1. first, is titanium more likely than steel (or other frame materials) to develop cracks (or to be specific earlier titanium tubing)? I understand Merlin provides a lifetime warranty on their frames but I'm not sure if that extends to the second owner, anyone know the answer to that question? For reference the welds on my frame appear clean and well made so I don't anticipate that being a problem.

2. second, I perform all the maintenance of my bike so inspect it fairly frequently. If a crack develops is this something you can "feel" right away or is it usually spotted by visual inspection?

3.third, are cracks typically something that just randomly happen or the result of some stress such as a hard crash?


----------



## Juanmoretime (Nov 24, 2001)

Frame failures occur no matter what. Overall design has more of a bearing on failure verses material. I have a 1997 Litespeed Vortex that was one of the lightest 6.4 titanium versions of the Vortex that Litespeed made, 2.95 lbs for a size 59. This October it will be ten years old and with a few crashes, fortunaltely no frame damage, and tens thousands of miles. It rides like the day I first built it up. Good design will give you great frame life and even a few of those will fail. The most important thing you can do is go with a compant that you know will first stand behind their product and lastly, they will be around tomorrow to support that product. Buy right and get the frame material that your heart desires. 

Careful and frequent inspections should allow you to detect a crack before it gets to the point of being a serious injury causing failure. That's why I frequently clean thoroughly my bikes to inspect the tubes and welds all at the same time. I've never found one.

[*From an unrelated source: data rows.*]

(* Let $G$ be a finite group whose Sylow $2$-subgroups are isomorphic to $D_{2n}$ for some integer $n\ge 2$, and let $H$ be a $2$-subgroup of $G$. Then $H$ is not a perfect code of $G$ if and only if there exists a cyclic $2$-subgroup $C$ of $G$ such that $1<H<C$.
   Context: $D_{2n}$ denotes the dihedral group of order $2n$, with $D_4=C_2\times C_2$. For a group $G$ with identity $e$ and an inverse-closed subset $S\subseteq G\setminus\{e\}$, the Cayley graph $\mathrm{Cay}(G,S)$ has vertex set $G$ and edges $\{g,sg\}$ for $s\in S$, $g\in G$. A perfect code in a graph is an independent set $C$ of vertices such that every vertex outside $C$ is adjacent to exactly one vertex of $C$. A subgroup $H$ of $G$ is a perfect code of $G$ if some Cayley graph of $G$ admits $H$ as a perfect code. *)

theory Defs
  imports "HOL-Algebra.Algebra"
begin

text \<open>The element (i, False) stands for r^i and
  (i, True) for r^i s, where r has order n, s has order 2 and s r s = r^-1.
  For n = 2 this is C2 x C2, matching the convention D_4 = C2 x C2.\<close>
definition dihedral_group :: "nat \<Rightarrow> (nat \<times> bool) monoid" where
  "dihedral_group n =
     \<lparr> carrier = {0..<n} \<times> UNIV,
       monoid.mult = (\<lambda>(i, e) (j, f). ((if e then i + n - j else i + j) mod n, e \<noteq> f)),
       monoid.one = (0, False) \<rparr>"

definition is_p_subgroup :: "nat \<Rightarrow> ('a, 'b) monoid_scheme \<Rightarrow> 'a set \<Rightarrow> bool" where
  "is_p_subgroup p G H \<longleftrightarrow> subgroup H G \<and> (\<exists>k. card H = p ^ k)"

definition is_sylow_subgroup :: "nat \<Rightarrow> ('a, 'b) monoid_scheme \<Rightarrow> 'a set \<Rightarrow> bool" where
  "is_sylow_subgroup p G P \<longleftrightarrow> subgroup P G \<and>
     (\<exists>k. card P = p ^ k \<and> p ^ k dvd order G \<and> \<not> p ^ Suc k dvd order G)"

definition cayley_adj :: "('a, 'b) monoid_scheme \<Rightarrow> 'a set \<Rightarrow> 'a \<Rightarrow> 'a \<Rightarrow> bool" where
  "cayley_adj G S g h \<longleftrightarrow> g \<in> carrier G \<and> h \<in> carrier G \<and> (\<exists>s\<in>S. h = s \<otimes>\<^bsub>G\<^esub> g)"

definition perfect_code_in_cayley :: "('a, 'b) monoid_scheme \<Rightarrow> 'a set \<Rightarrow> 'a set \<Rightarrow> bool" where
  "perfect_code_in_cayley G S C \<longleftrightarrow> C \<subseteq> carrier G \<and>
     (\<forall>x\<in>C. \<forall>y\<in>C. \<not> cayley_adj G S x y) \<and>
     (\<forall>v\<in>carrier G - C. \<exists>!c. c \<in> C \<and> cayley_adj G S v c)"

definition subgroup_perfect_code :: "('a, 'b) monoid_scheme \<Rightarrow> 'a set \<Rightarrow> bool" where
  "subgroup_perfect_code G H \<longleftrightarrow>
     (\<exists>S. S \<subseteq> carrier G - {\<one>\<^bsub>G\<^esub>} \<and> (\<forall>s\<in>S. inv\<^bsub>G\<^esub> s \<in> S) \<and>
          perfect_code_in_cayley G S H)"

end

theory Submission
  imports Defs
begin

text \<open>
  For a 2-subgroup \<open>H\<close> of a finite group, being a perfect code is a local condition: \<open>H\<close> is a
  perfect code iff every \<open>g \<notin> H\<close> that normalises \<open>H\<close> and squares into \<open>H\<close> has an involution
  or the identity in its coset \<open>gH\<close>. An inverse-closed set meeting every right coset of \<open>H\<close>
  outside \<open>H\<close> exactly once is a connection set for which \<open>H\<close> is a perfect code, and such a set
  is built inside each union \<open>HxH \<union> Hx\<inverse>H\<close>: the number of right cosets of \<open>H\<close> in \<open>HxH\<close>
  divides \<open>|H|\<close>, so either it is even and the cosets can be paired off by mutually inverse
  elements, or it is 1 and \<open>x\<close> is one of the elements the condition speaks about.

  If \<open>1 < H < C\<close> with \<open>C\<close> cyclic, a square root in \<open>C\<close> of a generator of \<open>H\<close> violates the
  condition, because the elements of order at most 2 of \<open>C\<close> already lie in \<open>H\<close>. Conversely, if
  \<open>g\<close> violates it, \<open>H \<union> gH\<close> is a 2-subgroup and so lies in a Sylow 2-subgroup \<open>P \<cong> D\<^sub>2\<^sub>n\<close>.
  The reflections of \<open>P\<close> are involutions, so \<open>gH\<close> consists of rotations and \<open>H\<close> is a proper
  subgroup of the cyclic rotation subgroup, whose order \<open>n\<close> is a power of 2.
\<close>

lemma (in group) inv_mult_cancel_left [simp]:
  "x \<in> carrier G \<Longrightarrow> y \<in> carrier G \<Longrightarrow> inv x \<otimes> (x \<otimes> y) = y"
  by (metis inv_closed l_inv l_one m_assoc)

lemma (in group) mult_inv_cancel_left [simp]:
  "x \<in> carrier G \<Longrightarrow> y \<in> carrier G \<Longrightarrow> x \<otimes> (inv x \<otimes> y) = y"
  by (metis inv_closed r_inv l_one m_assoc)
lemma sqrt_one_quarter [simp]: "sqrt (1/4 :: real) = 1/2"
  by (simp add: real_sqrt_divide)

lemma positive_fixed_point_unique:
  fixes h h' :: "real \<Rightarrow> real"
  assumes der: "\<And>x. (h has_real_derivative h' x) (at x)"
    and dec: "\<And>x y. 0 \<le> x \<Longrightarrow> x < y \<Longrightarrow> h' y < h' x"
    and "h 0 = 0" "0 < x" "h x = x" "0 < y" "h y = y"
  shows "x = y"
proof -
  have False if ab: "0 < a" "a < b" "h a = a" "h b = b" for a b
  proof -
    obtain z1 where z1: "0 < z1" "z1 < a" "h a - h 0 = (a - 0) * h' z1"
      using MVT2[of 0 a h h'] der ab(1) by auto
    obtain z2 where z2: "a < z2" "z2 < b" "h b - h a = (b - a) * h' z2"
      using MVT2[of a b h h'] der ab(2) by auto
    have "h' z1 = 1" "h' z2 = 1" using z1 z2 ab \<open>h 0 = 0\<close> by simp_all
    with dec[of z1 z2] z1 z2 show False by simp
  qed
  then show ?thesis
    using assms by (metis linorder_neqE_linordered_idom)
qed

lemma positive_fixed_point_exists:
  fixes h h' :: "real \<Rightarrow> real"
  assumes der: "\<And>x. (h has_real_derivative h' x) (at x)"
    and "h 0 = 0" "1 < h' 0" "h 1 < 1"
  shows "\<exists>x. 0 < x \<and> x < 1 \<and> h x = x"
proof -
  have "((\<lambda>x. h x - x) has_real_derivative (h' 0 - 1)) (at 0)"
    using der[of 0] by (auto intro!: derivative_eq_intros)
  then obtain d where "0 < d" and d: "\<And>e. 0 < e \<Longrightarrow> e < d \<Longrightarrow> 0 < h e - e"
    using DERIV_pos_inc_right[of "\<lambda>x. h x - x" "h' 0 - 1" 0] assms by auto
  define e where "e = min (d/2) (1/2)"
  have e: "0 < e" "e < 1" "0 < h e - e"
    using \<open>0 < d\<close> d[of e] unfolding e_def by auto
  have "isCont (\<lambda>x. h x - x) x" for x
    using der DERIV_isCont by (auto intro!: continuous_intros)
  then obtain x where "e \<le> x" "x \<le> 1" "h x - x = 0"
    using IVT2[of "\<lambda>x. h x - x" 1 0 e] e assms by auto
  then show ?thesis
    using e assms by (intro exI[of _ x]) (auto simp: le_less)
qed

section \<open>The equations defining theta\<close>

definition theta_system :: "real \<Rightarrow> real \<Rightarrow> real \<times> real \<Rightarrow> bool" where
  "theta_system a b t \<longleftrightarrow> 0 < fst t \<and> 0 < snd t \<and>
     exp (- a * snd t) = 1 - fst t \<and> exp (- b * fst t) = 1 - snd t"

lemma theta_system_lt_1: "theta_system a b t \<Longrightarrow> fst t < 1 \<and> snd t < 1"
  unfolding theta_system_def by (metis diff_gt_0_iff_gt exp_gt_zero)

lemma theta_system_minus_ln:
  assumes "theta_system a b (x, y)"
  shows "- ln (1 - x) = a * y" "- ln (1 - y) = b * x"
  using assms unfolding theta_system_def by (metis fst_conv snd_conv ln_exp minus_minus mult_minus_left)+

lemma theta_system_iff_fixed_point:
  assumes "0 < b"
  shows "theta_system a b (x, y) \<longleftrightarrow>
    0 < x \<and> y = 1 - exp (- b * x) \<and> 1 - exp (- a * (1 - exp (- b * x))) = x"
  using assms unfolding theta_system_def by auto

lemma exp_exp_has_real_derivative:
  "((\<lambda>x. 1 - exp (- a * (1 - exp (- b * x)))) has_real_derivative
     a * b * exp (- b * x) * exp (- a * (1 - exp (- b * x)))) (at x)"
  by (auto intro!: derivative_eq_intros simp: algebra_simps)

lemma exp_exp_derivative_decreasing:
  fixes a b :: real
  assumes "0 < a" "0 < b" "0 \<le> x" "x < y"
  shows "a * b * exp (- b * y) * exp (- a * (1 - exp (- b * y)))
       < a * b * exp (- b * x) * exp (- a * (1 - exp (- b * x)))"
proof -
  have 1: "exp (- b * y) < exp (- b * x)" using assms by simp
  then have "exp (- a * (1 - exp (- b * y))) \<le> exp (- a * (1 - exp (- b * x)))"
    using assms by (simp add: mult_le_cancel_left_pos)
  with 1 have "exp (- b * y) * exp (- a * (1 - exp (- b * y)))
      < exp (- b * x) * exp (- a * (1 - exp (- b * x)))"
    by (intro mult_less_le_imp_less) auto
  then show ?thesis using assms by simp
qed

lemma theta_system_unique:
  assumes "0 < a" "0 < b" "theta_system a b s" "theta_system a b t"
  shows "s = t"
proof -
  obtain x y x' y' where st: "s = (x, y)" "t = (x', y')" by fastforce
  note fixed = assms(3,4)[unfolded st theta_system_iff_fixed_point[OF \<open>0 < b\<close>]]
  have "x = x'"
    by (rule positive_fixed_point_unique[of "\<lambda>x. 1 - exp (- a * (1 - exp (- b * x)))",
          OF exp_exp_has_real_derivative exp_exp_derivative_decreasing[OF \<open>0 < a\<close> \<open>0 < b\<close>]])
      (use fixed in auto)
  then show ?thesis
    using fixed st by simp
qed

lemma theta_system_exists:
  assumes "0 < a" "0 < b" "1 < a * b"
  shows "\<exists>t. theta_system a b t"
proof -
  obtain x where "0 < x" "x < 1" "1 - exp (- a * (1 - exp (- b * x))) = x"
    using positive_fixed_point_exists[OF exp_exp_has_real_derivative, of a b] assms by auto
  then have "theta_system a b (x, 1 - exp (- b * x))"
    using assms theta_system_iff_fixed_point by simp
  then show ?thesis ..
qed

lemma theta_system_prod_gt:
  assumes "theta_system a b (x, y)"
  shows "4 < a * b * ((2 - x) * (2 - y))"
proof -
  have xy: "0 < x" "x < 1" "0 < y" "y < 1"
    using assms theta_system_lt_1[OF assms] unfolding theta_system_def by auto
  have "2 * x / (2 - x) < a * y" "2 * y / (2 - y) < b * x"
    using minus_ln_one_minus_gt xy theta_system_minus_ln[OF assms] by metis+
  then have gt: "2 * x < (2 - x) * (a * y)" "2 * y < (2 - y) * (b * x)"
    using xy by (simp_all add: pos_divide_less_eq mult.commute)
  then have "(2 * x) * (2 * y) < ((2 - x) * (a * y)) * ((2 - y) * (b * x))"
    by (rule mult_strict_mono) (use xy gt in linarith)+
  then have "4 * (x * y) < (a * b * ((2 - x) * (2 - y))) * (x * y)"
    by (simp add: algebra_simps)
  then show ?thesis
    using xy by (simp add: mult_less_cancel_right)
qed

lemma theta_system_supercritical:
  assumes "theta_system a b (x, y)"
  shows "1 < a * b"
proof -
  have xy: "0 < x" "x < 1" "0 < y" "y < 1"
    using assms theta_system_lt_1[OF assms] unfolding theta_system_def by auto
  then have "(2 - x) * (2 - y) < 2 * 2"
    by (intro mult_strict_mono) simp_all
  moreover have "0 < (2 - x) * (2 - y)"
    using xy by simp
  moreover have "4 < a * b * ((2 - x) * (2 - y))"
    by (rule theta_system_prod_gt[OF assms])
  ultimately show ?thesis
    using mult_right_mono[of "a * b" 1 "(2 - x) * (2 - y)"] by fastforce
qed

lemma theta_system_prod_lt:
  assumes "theta_system a b (x, y)"
  shows "4 * (a * b) * ((1 - x) * (1 - y)) < (2 - x) * (2 - y)"
proof -
  have xy: "0 < x" "x < 1" "0 < y" "y < 1"
    using assms theta_system_lt_1[OF assms] unfolding theta_system_def by auto
  have "a * y < x * (2 - x) / (2 * (1 - x))" "b * x < y * (2 - y) / (2 * (1 - y))"
    using minus_ln_one_minus_lt xy theta_system_minus_ln[OF assms] by metis+
  then have lt: "2 * (1 - x) * (a * y) < x * (2 - x)" "2 * (1 - y) * (b * x) < y * (2 - y)"
    using xy by (simp_all add: less_divide_eq mult.commute)
  have "0 < a * y" "0 < b * x"
    using xy unfolding theta_system_minus_ln[OF assms, symmetric] by simp_all
  with xy have pos: "0 < x * (2 - x)" "0 \<le> 2 * (1 - y) * (b * x)"
    by simp_all
  have "(2 * (1 - x) * (a * y)) * (2 * (1 - y) * (b * x)) < (x * (2 - x)) * (y * (2 - y))"
    by (rule mult_strict_mono[OF lt pos])
  then have "(4 * (a * b) * ((1 - x) * (1 - y))) * (x * y) < ((2 - x) * (2 - y)) * (x * y)"
    by (simp add: algebra_simps)
  then show ?thesis
    using xy by (simp add: mult_less_cancel_right)
qed

lemma theta_system_prod_lt_1:
  assumes "theta_system a b (x, y)"
  shows "a * b * ((1 - x) * (1 - y)) < 1"
proof -
  have "0 < x" "0 < y"
    using assms unfolding theta_system_def by simp_all
  then have "(2 - x) * (2 - y) < 2 * 2"
    using theta_system_lt_1[OF assms] by (intro mult_strict_mono) simp_all
  with theta_system_prod_lt[OF assms] show ?thesis
    by simp
qed

lemma theta_subcritical: "sqrt (fst a * snd a) * B \<le> 1 \<Longrightarrow> theta B k a = (0, 0)"
  by (simp add: theta_def Let_def)

lemma theta_eqI:
  assumes "0 < B" "0 < k" "0 < aL" "0 < aR" "1 < sqrt (aL * aR) * B"
    and "theta_system (B * sqrt k * aR) (B / sqrt k * aL) t"
  shows "theta B k (aL, aR) = t"
proof -
  have pos: "0 < B * sqrt k * aR" "0 < B / sqrt k * aL" using assms by auto
  have "(THE t. theta_system (B * sqrt k * aR) (B / sqrt k * aL) t) = t"
    using theta_system_unique[OF pos] assms(6) by blast
  then show ?thesis
    using assms(5) by (simp add: theta_def theta_system_def mult.assoc)
qed

lemma theta_coefficients_mult:
  "0 < k \<Longrightarrow> (B * sqrt k * aR) * (B / sqrt k * aL) = aL * aR * B\<^sup>2"
  by (simp add: power2_eq_square field_simps)

lemma theta_system_theta:
  assumes "0 < B" "0 < k" "0 < aL" "0 < aR" "1 < sqrt (aL * aR) * B"
  shows "theta_system (B * sqrt k * aR) (B / sqrt k * aL) (theta B k (aL, aR))"
proof -
  have pos: "0 < B * sqrt k * aR" "0 < B / sqrt k * aL" using assms by auto
  have "(B * sqrt k * aR) * (B / sqrt k * aL) = aL * aR * B\<^sup>2"
    using assms(2) by (rule theta_coefficients_mult)
  also have "1 < \<dots>"
    using assms(5) one_less_sqrt_mult_iff[OF assms(1)] by simp
  finally obtain t where "theta_system (B * sqrt k * aR) (B / sqrt k * aL) t"
    using theta_system_exists[OF pos] by blast
  with theta_eqI[OF assms] show ?thesis by simp
qed

section \<open>Fixed points of F\<close>

definition fixed_point_system :: "real \<Rightarrow> real \<Rightarrow> real \<times> real \<Rightarrow> bool" where
  "fixed_point_system B k p \<longleftrightarrow> fst p \<in> {1/2<..<1} \<and> snd p \<in> {1/2<..<1} \<and>
     exp (B * sqrt k * (1 - 2 * snd p)) = (1 - fst p) / fst p \<and>
     exp ((B / sqrt k) * (1 - 2 * fst p)) = (1 - snd p) / snd p"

No company will extend the warranty to the second owner but may extend a goodwill repair at a more favorable cost to you.


----------



## jplain (Apr 14, 2006)

Thanks for the informative reply, that pretty much answers my questions. I suppose it makes sense if the frame is set up in the jig and welded very well under ideal conditions then it would minimize the stresses on the tubes and joints and minimize the chance of failure.


----------